Whether you're using MRI, JRuby, or Rubinius, the Ruby language is implemented on top of another language. MRI is implemented in C, JRuby in Java, and Rubinius in a mixture of Ruby and C++. So when you have this single operation in Ruby:



array << nil


that actually expands to dozens or hundreds of lines of code in the underlying implementation. For example, here's the implementation of Array#<< from MRI:



VALUE
rb_ary_push(VALUE ary, VALUE item)
{
long idx = RARRAY_LEN(ary);

ary_ensure_room_for_push(ary, 1);
RARRAY_ASET(ary, idx, item);
ARY_SET_LEN(ary, idx + 1);
return ary;
}


Notice at least 4 distinct underlying operations.



Get the current length of the Array.
Check if there's room for another element in the Array.
Append the element to the Array.
Set the length property of the Array to the old value + 1.

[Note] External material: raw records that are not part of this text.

theorem lemma3p8:
  fixes \<mu> \<nu> :: "'a::euclidean_space measure"
    and \<phi> :: "'a \<Rightarrow> real" and T :: "'a \<Rightarrow> 'a" and L \<epsilon> :: real
    and \<pi>\<epsilon> :: "('a \<times> 'a) measure"
  assumes mu: "cs_borel_prob \<mu>" and nu: "cs_borel_prob \<nu>"
    and ac: "absolutely_continuous lborel \<mu>"
    and conv: "convex_on UNIV \<phi>"
    and grad: "\<And>x. (\<phi> has_derivative (\<lambda>h. T x \<bullet> h)) (at x)"
    and push: "distr \<mu> borel T = \<nu>"
    and opt_cpl: "distr \<mu> (borel \<Otimes>\<^sub>M borel) (\<lambda>x. (x, T x)) \<in> couplings \<mu> \<nu>"
    and opt: "integral\<^sup>L (distr \<mu> (borel \<Otimes>\<^sub>M borel) (\<lambda>x. (x, T x))) cost = OT \<mu> \<nu>"
    and lip: "L-lipschitz_on UNIV T"
    and eps: "\<epsilon> > 0"
    and peps_adm: "\<pi>\<epsilon> \<in> qot_adm \<mu> \<nu>"
    and peps_opt: "qot_obj \<epsilon> \<mu> \<nu> \<pi>\<epsilon> = QOT \<epsilon> \<mu> \<nu>"
  shows "(\<forall>\<pi> \<in> couplings \<mu> \<nu>.
            (\<integral>z. (norm (snd z - T (fst z)))^2 \<partial>\<pi>) \<le> 2 * L * (integral\<^sup>L \<pi> cost - OT \<mu> \<nu>))
       \<and> (\<integral>z. (norm (snd z - T (fst z)))^2 \<partial>\<pi>\<epsilon>) \<le> 2 * L * (QOT \<epsilon> \<mu> \<nu> - OT \<mu> \<nu>)"
proof -
  have deviation: "(\<integral>z. (norm (snd z - T (fst z)))^2 \<partial>\<pi>) \<le> 2 * L * (integral\<^sup>L \<pi> cost - OT \<mu> \<nu>)"
    if "\<pi> \<in> couplings \<mu> \<nu>" for \<pi>
    using gradient_deviation_le_excess_cost[OF mu conv grad push opt_cpl opt lip that] .
  have "\<pi>\<epsilon> \<in> couplings \<mu> \<nu>"
    using peps_adm by (simp add: qot_adm_def)
  moreover have "integral\<^sup>L \<pi>\<epsilon> cost \<le> QOT \<epsilon> \<mu> \<nu>"
    using integral_cost_le_qot_obj[of \<epsilon> \<pi>\<epsilon> \<mu> \<nu>] eps unfolding peps_opt by simp
  ultimately have "(\<integral>z. (norm (snd z - T (fst z)))^2 \<partial>\<pi>\<epsilon>) \<le> 2 * L * (QOT \<epsilon> \<mu> \<nu> - OT \<mu> \<nu>)"
    using deviation[of \<pi>\<epsilon>] lipschitz_on_nonneg[OF lip] by (smt (verit) mult_left_mono)
  with deviation show ?thesis by blast
qed

end
lemma Eeta_minimizers_tendsto_optimal_design:
  fixes V :: "real^'N^'M"
  assumes inj: "inj ((*v) V)" and pos: "\<And>n. 0 < \<eta> n" and "decseq \<eta>" "\<eta> \<longlonglongrightarrow> 0"
  shows "(\<lambda>n. THE w. is_minimizer_on (Eeta V (\<eta> n)) nonneg_orthant w)
    \<longlonglongrightarrow> (THE wh. is_arg_min (penalty V) (\<lambda>w. w \<in> Sset V) wh)"
proof (rule Tikhonov_convergence[OF assms])
  show "is_arg_min (Ereg V (\<eta> n)) (\<lambda>w. w \<in> feasible V)
      (THE w. is_minimizer_on (Eeta V (\<eta> n)) nonneg_orthant w)" for n
    using theI'[OF Eeta_minimizer_ex1[OF inj pos]] is_minimizer_Eeta_iff[OF feasible_nonempty[OF inj]]
    by blast
  show "is_arg_min (penalty V) (\<lambda>w. w \<in> Sset V) (THE wh. is_arg_min (penalty V) (\<lambda>w. w \<in> Sset V) wh)"
    using penalty_arg_min_Sset_exists[OF inj] penalty_arg_min_Sset_unique[OF inj]
    by (metis theI)
qed

lemma optimal_design_iff:
  "(wh \<in> Sset V \<and> (\<forall>w\<in>Sset V. (norm (orth_proj (Kspace V) wh))\<^sup>2 \<le> (norm (orth_proj (Kspace V) w))\<^sup>2))
    \<longleftrightarrow> is_arg_min (penalty V) (\<lambda>w. w \<in> Sset V) wh"
  by (auto simp: is_arg_min_linorder penalty_def)

theorem mainTheorem5:
  fixes x :: "'M::finite \<Rightarrow> real^'d"
    and \<phi> :: "'N::finite \<Rightarrow> real^'d \<Rightarrow> real"
    and \<eta> :: "nat \<Rightarrow> real"
  assumes "inj x"
    and "rank (design_matrix x \<phi>) = CARD('N)"
    and "\<And>n. 0 < \<eta> n"
    and "decseq \<eta>"
    and "\<eta> \<longlonglongrightarrow> 0"
  shows "(\<forall>n. \<exists>!w. is_minimizer_on (Eeta (design_matrix x \<phi>) (\<eta> n)) nonneg_orthant w)
    \<and> (\<exists>!wh. wh \<in> Sset (design_matrix x \<phi>) \<and>
          (\<forall>w\<in>Sset (design_matrix x \<phi>).
             (norm (orth_proj (Kspace (design_matrix x \<phi>)) wh))\<^sup>2
               \<le> (norm (orth_proj (Kspace (design_matrix x \<phi>)) w))\<^sup>2))
    \<and> (\<lambda>n. THE w. is_minimizer_on (Eeta (design_matrix x \<phi>) (\<eta> n)) nonneg_orthant w)
        \<longlonglongrightarrow> (THE wh. wh \<in> Sset (design_matrix x \<phi>) \<and>
          (\<forall>w\<in>Sset (design_matrix x \<phi>).
             (norm (orth_proj (Kspace (design_matrix x \<phi>)) wh))\<^sup>2
               \<le> (norm (orth_proj (Kspace (design_matrix x \<phi>)) w))\<^sup>2))"
proof -
  \<comment> \<open>The rank hypothesis alone makes V injective.\<close>
  have inj: "inj ((*v) (design_matrix x \<phi>))"
    using assms(2) full_rank_injective by blast
  show ?thesis
    unfolding optimal_design_iff
    using Eeta_minimizer_ex1[OF inj assms(3)]
      penalty_arg_min_Sset_exists[OF inj] penalty_arg_min_Sset_unique[OF inj]
      Eeta_minimizers_tendsto_optimal_design[OF inj assms(3-5)]
    by blast
qed

end
(* Let $\mathbb{K}$ be a field of characteristic zero containing all complex roots of unity, $q$ transcendental over $\mathbb{K}$, $\mathbb{W}=\mathbb{K}(q)[M]\langle L\rangle$ the first $q$-Weyl algebra and $\mathbb{O}=\mathbb{K}(q,M)\langle L\rangle$. Fix a nonzero $P\in\mathbb{W}$ and a complex $m$-th root of unity $\omega$, and let $\tau_\omega(P)$ be defined as in the context. Then $\tau_\omega(P)\in\mathbb{K}(q)[M^m]\langle L\rangle$ and $S(P)\subseteq S(\tau_\omega(P))$.
   Context: In $\mathbb{W}$ and $\mathbb{O}$ the relation $LM=qML$ holds ($L$ acts on sequences by $Lf_n=f_{n+1}$, $M$ by $Mf_n=q^nf_n$). The operator $\tau_\omega(P)$ is the annihilator of the twisted sequence produced from $P$ as follows: take a nonzero element $A$ of minimal order in $L$ of the left ideal $\mathbb{O}P\cap\mathbb{K}(q,M^m)\langle L\rangle$ (i.e. an element of $\mathbb{O}P$ in which $M$ occurs only with exponents divisible by $m$), clear denominators so that $A=\sum_j c_j(q,M)L^j$ with polynomial coefficients in $M^m$ that are content-free, $\gcd(c_0,\dots,c_d)=1$, and then substitute $q\to\omega q$; if $Pf_n(q)=0$ then $\tau_\omega(P)f_n(\omega q)=0$. Newton polygon: for $P\in\mathbb{W}$ written as a sum of monomials $M^bL^a$ with coefficients in $\mathbb{K}(q)$, $N(P)$ is the convex hull in $\mathbb{R}^2$ of the exponent pairs $(a,b)$ occurring. $LN(P)$ is the lower convex hull of $N(P)$, consisting of finitely many non-vertical line segments and two vertical rays; $S(P)$ denotes the set of slopes of the non-vertical segments of $LN(P)$. *)

theory Defs
  imports "HOL-Analysis.Analysis" "HOL-Computational_Algebra.Polynomial"
          "HOL-Computational_Algebra.Fraction_Field"
begin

Each of these operations calls yet other functions or macros. The reason I'm bringing this up is to show you how multiple threads can corrupt data. In a single-threaded context, you can look at this short C function and easily trace the path of the code.


In other words, we're used to stepping through code in a linear fashion and reasoning about the state of 'the world'. That's often how we write code.


When multiple threads are involved, this is no longer possible. It's as if the rules of physics change. When there are two threads, each thread is tracing its own path through the code. Now you have to maintain 2 (or more) 'pointers' to where each thread is currently executing. Since threads share the same memory space, both threads can be mutating the state of 'the world' at the same time.


It's possible for one thread to interrupt another, change the state of things right from underneath its feet, then have the original proceed, completely unaware that the state of things has changed.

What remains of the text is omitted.